Search for documents most similar to the input vector.

SIMILAR Syntax

  • For a specific view:SIMILAR(view_name, search_vector, [limit=100])

Parameters

KeyTypeDescription
view_namestringName of the view used for similarity search.
search_vectorarrayThe input vector to search for.
limitnumber(Optional) The maximum number of results to return. Default is 100.

SIMILAR Examples

The examples below illustrate different use cases of the SIMILAR() function, demonstrating how it can be applied to find similarities against a specified view using different distance types and limits.

Example 1

RETURN SIMILAR("hnsw_cosine", [30, 60, 60, 20])

This query searches for documents most similar to the input vector [30, 60, 60, 20] in the view named "hnsw_cosine". The result will include up to 100 matches, as the limit is not specified and defaults to 100.

Example 2

RETURN SIMILAR("hnsw_cosine", [30, 60, 60, 20], 5)

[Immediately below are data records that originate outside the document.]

section \<open>Power series on the disc and the Hardy space\<close>

lemma sq_summable_norm_le:
  assumes "sq_summable c"
  shows "norm (c n) \<le> sqrt (\<Sum>m. (norm (c m))\<^sup>2)"
proof (rule real_le_rsqrt)
  show "(norm (c n))\<^sup>2 \<le> (\<Sum>m. (norm (c m))\<^sup>2)"
    using sum_le_suminf [of "\<lambda>m. (norm (c m))\<^sup>2" "{n}"] assms by (simp add: sq_summable_def)
qed

lemma sums_power_ser:
  assumes c: "sq_summable c" and z: "cmod z < 1"
  shows "(\<lambda>n. z ^ n *\<^sub>C c n) sums power_ser c z"
proof -
  define M where "M = sqrt (\<Sum>m. (norm (c m))\<^sup>2)"
  have "summable (\<lambda>n. z ^ n *\<^sub>C c n)"
  proof (rule summable_comparison_test' [where g = "\<lambda>n. M * cmod z ^ n" and N = 0])
    show "summable (\<lambda>n. M * cmod z ^ n)"
      using z by (simp add: summable_mult)
    show "norm (z ^ n *\<^sub>C c n) \<le> M * cmod z ^ n" for n
      using mult_left_mono [OF sq_summable_norm_le [OF c, of n], of "cmod z ^ n"]
      by (simp add: M_def norm_scaleC norm_power mult.commute)
  qed
  then show ?thesis
    unfolding power_ser_def by (rule summable_sums)
qed

lemma powser_sums_zero_imp_coeff_0:
  fixes a :: "nat \<Rightarrow> complex"
  assumes "\<And>x. x \<noteq> 0 \<Longrightarrow> cmod x < 1 \<Longrightarrow> (\<lambda>n. a n * x ^ n) sums 0"
  shows "a 0 = 0"
proof -
  have "((\<lambda>x::complex. 0) \<longlongrightarrow> a 0) (at 0)"
    using powser_limit_0_strong [where s = 1 and a = a and f = "\<lambda>x. 0"] assms by simp
  then have "0 = a 0"
    by (rule LIM_const_eq)
  then show ?thesis by simp
qed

This query is similar to the first but includes a limit of 5, meaning it will return up to 5 documents most similar to the input vector.

SIMILAR_TO_ARRAY()

Compute the similarity between an input vector and an array of data vectors.

SIMILAR_TO_ARRAY Syntax

SIMILAR_TO_ARRAY(search_vector, input_vectors, distance_type, [limit=100])

Parameters

KeyTypeDescription
search_vectorarrayThe input vector to search for.
input_vectorsarrayThe array of vectors to compute similarity with.
distance_typestringType of distance to compute similarity. Can be "l2", "ip", "cosine".
limitnumber(Optional) The maximum number of results to return. Default is 100.

SIMILAR_TO_ARRAY Examples

The examples below illustrate different use cases of the SIMILAR_TO_ARRAY() function. This function computes the similarity between an input vector and an array of data vectors and returns a list of IDs and scores sorted by the highest score, where the ID is the index in the data array.

Example 1

RETURN SIMILAR_TO_ARRAY([100, 200, 150, 100], [[30,50,60,70],[10,20,15,10],[4,5,6,7]], "cosine")

This query computes the cosine similarity between the input vector [100, 200, 150, 100] and an array of data vectors [[30,50,60,70],[10,20,15,10],[4,5,6,7]]. It returns a list of IDs and scores sorted by the highest score, where the ID is the index in the data array. Since the limit is not specified, it defaults to 100, meaning up to 100 most similar matches will be returned.

Example 2

RETURN SIMILAR_TO_ARRAY([100, 200, 150, 100], [[30,50,60,70],[10,20,15,10],[4,5,6,7]], "l2", 2)

This query is similar to the first example but uses the L2 distance to compute the similarity between the input vector [100, 200, 150, 100] and the same array of data vectors. It includes a limit of 2, meaning it will return up to two most similar matches, sorted by the highest score.